[Source data]

========

lemma ends_subset_reachable:
  assumes "f \<in> F" "ends f \<inter> (adj_rel ends F)\<^sup>* `` {x} \<noteq> {}"
  shows "ends f \<subseteq> (adj_rel ends F)\<^sup>* `` {x}"
proof -
  obtain p q where pq: "p \<noteq> q" "ends f = {p, q}" by (rule obtain_ends[OF simple])
  then have "(p, q) \<in> adj_rel ends F" "(q, p) \<in> adj_rel ends F"
    using assms(1) unfolding adj_rel_def by (auto simp: insert_commute)
  moreover have "(x, p) \<in> (adj_rel ends F)\<^sup>* \<or> (x, q) \<in> (adj_rel ends F)\<^sup>*" using assms(2) pq by auto
  ultimately show ?thesis using pq by (auto intro: rtrancl_into_rtrancl)
qed

lemma mem_component_edges: "f \<in> F \<Longrightarrow> x \<in> ends f \<Longrightarrow> f \<in> component_edges ends F x"
  using ends_subset_reachable[of f F x] unfolding component_edges_def by auto

lemma reachable_subset_vertices:
  assumes "x \<in> V"
  shows "(adj_rel ends F)\<^sup>* `` {x} \<subseteq> V"
proof
  fix y assume "y \<in> (adj_rel ends F)\<^sup>* `` {x}"
  then have "(x, y) \<in> (adj_rel ends F)\<^sup>*" by simp
  then show "y \<in> V"
  proof (induction rule: rtrancl_induct)
    case (step y z)
    then obtain f where "ends f = {y, z}" unfolding adj_rel_def by auto
    then show ?case using simple unfolding simple_graph_def by blast
  qed (use assms in simp)
qed

lemma connected_component_edges:
  "connected_graph ends ((adj_rel ends F)\<^sup>* `` {x}) (component_edges ends F x)"
proof -
  let ?K = "component_edges ends F x"
  have reach: "(x, y) \<in> (adj_rel ends ?K)\<^sup>*" if "(x, y) \<in> (adj_rel ends F)\<^sup>*" for y
    using that
  proof (induction rule: rtrancl_induct)
    case (step y z)
    then obtain f where f: "f \<in> F" "ends f = {y, z}" unfolding adj_rel_def by auto
    have "ends f \<subseteq> (adj_rel ends F)\<^sup>* `` {x}"
      using ends_subset_reachable[OF f(1)] step(1) f(2) by auto
    with f(1) have "f \<in> ?K" unfolding component_edges_def by auto
    with f have "(y, z) \<in> adj_rel ends ?K" unfolding adj_rel_def by auto
    with step(3) show ?case by (rule rtrancl_into_rtrancl)
  qed simp
  have "sym ((adj_rel ends ?K)\<^sup>*)"
    by (intro sym_rtrancl) (auto simp: sym_def adj_rel_def insert_commute)
  show ?thesis
    unfolding connected_graph_def
  proof (intro ballI)
    fix y z assume "y \<in> (adj_rel ends F)\<^sup>* `` {x}" "z \<in> (adj_rel ends F)\<^sup>* `` {x}"
    then have "(x, y) \<in> (adj_rel ends ?K)\<^sup>*" "(x, z) \<in> (adj_rel ends ?K)\<^sup>*" using reach by auto
    with \<open>sym ((adj_rel ends ?K)\<^sup>*)\<close> show "(y, z) \<in> (adj_rel ends ?K)\<^sup>*"
      by (meson rtrancl_trans symD)
  qed
qed

lemma cut_edges_component_edges:
  assumes "S \<subseteq> (adj_rel ends F)\<^sup>* `` {x}"
  shows "cut_edges ends (component_edges ends F x) S = cut_edges ends F S"
proof -
  have "ends f \<subseteq> (adj_rel ends F)\<^sup>* `` {x}" if "f \<in> F" "card (ends f \<inter> S) = 1" for f
  proof -
    have "ends f \<inter> S \<noteq> {}" using that(2) by force
    then show ?thesis using that(1) assms ends_subset_reachable[of f F x] by blast
  qed
  then show ?thesis unfolding cut_edges_def component_edges_def by auto
qed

========

* [What is being asked]:
Give each entry again, spelled exactly as shown.

* [Solved exercise]:
lemma ends_subset_reachable:
  assumes "f \<in> F" "ends f \<inter> (adj_rel ends F)\<^sup>* `` {x} \<noteq> {}"
  shows "ends f \<subseteq> (adj_rel ends F)\<^sup>* `` {x}"
proof -
  obtain p q where pq: "p \<noteq> q" "ends f = {p, q}" by (rule obtain_ends[OF simple])
  then have "(p, q) \<in> adj_rel ends F" "(q, p) \<in> adj_rel ends F"
    using assms(1) unfolding adj_rel_def by (auto simp: insert_commute)
  moreover have "(x, p) \<in> (adj_rel ends F)\<^sup>* \<or> (x, q) \<in> (adj_rel ends F)\<^sup>*" using assms(2) pq by auto
  ultimately show ?thesis using pq by (auto intro: rtrancl_into_rtrancl)
qed

lemma mem_component_edges: "f \<in> F \<Longrightarrow> x \<in> ends f \<Longrightarrow> f \<in> component_edges ends F x"
  using ends_subset_reachable[of f F x] unfolding component_edges_def by auto

lemma reachable_subset_vertices:
  assumes "x \<in> V"
  shows "(adj_rel ends F)\<^sup>* `` {x} \<subseteq> V"
proof
  fix y assume "y \<in> (adj_rel ends F)\<^sup>* `` {x}"
  then have "(x, y) \<in> (adj_rel ends F)\<^sup>*" by simp
  then show "y \<in> V"
  proof (induction rule: rtrancl_induct)
    case (step y z)
    then obtain f where "ends f = {y, z}" unfolding adj_rel_def by auto
    then show ?case using simple unfolding simple_graph_def by blast
  qed (use assms in simp)
qed

lemma connected_component_edges:
  "connected_graph ends ((adj_rel ends F)\<^sup>* `` {x}) (component_edges ends F x)"
proof -
  let ?K = "component_edges ends F x"
  have reach: "(x, y) \<in> (adj_rel ends ?K)\<^sup>*" if "(x, y) \<in> (adj_rel ends F)\<^sup>*" for y
    using that
  proof (induction rule: rtrancl_induct)
    case (step y z)
    then obtain f where f: "f \<in> F" "ends f = {y, z}" unfolding adj_rel_def by auto
    have "ends f \<subseteq> (adj_rel ends F)\<^sup>* `` {x}"
      using ends_subset_reachable[OF f(1)] step(1) f(2) by auto
    with f(1) have "f \<in> ?K" unfolding component_edges_def by auto
    with f have "(y, z) \<in> adj_rel ends ?K" unfolding adj_rel_def by auto
    with step(3) show ?case by (rule rtrancl_into_rtrancl)
  qed simp
  have "sym ((adj_rel ends ?K)\<^sup>*)"
    by (intro sym_rtrancl) (auto simp: sym_def adj_rel_def insert_commute)
  show ?thesis
    unfolding connected_graph_def
  proof (intro ballI)
    fix y z assume "y \<in> (adj_rel ends F)\<^sup>* `` {x}" "z \<in> (adj_rel ends F)\<^sup>* `` {x}"
    then have "(x, y) \<in> (adj_rel ends ?K)\<^sup>*" "(x, z) \<in> (adj_rel ends ?K)\<^sup>*" using reach by auto
    with \<open>sym ((adj_rel ends ?K)\<^sup>*)\<close> show "(y, z) \<in> (adj_rel ends ?K)\<^sup>*"
      by (meson rtrancl_trans symD)
  qed
qed

lemma cut_edges_component_edges:
  assumes "S \<subseteq> (adj_rel ends F)\<^sup>* `` {x}"
  shows "cut_edges ends (component_edges ends F x) S = cut_edges ends F S"
proof -
  have "ends f \<subseteq> (adj_rel ends F)\<^sup>* `` {x}" if "f \<in> F" "card (ends f \<inter> S) = 1" for f
  proof -
    have "ends f \<inter> S \<noteq> {}" using that(2) by force
    then show ?thesis using that(1) assms ends_subset_reachable[of f F x] by blast
  qed
  then show ?thesis unfolding cut_edges_def component_edges_def by auto
qed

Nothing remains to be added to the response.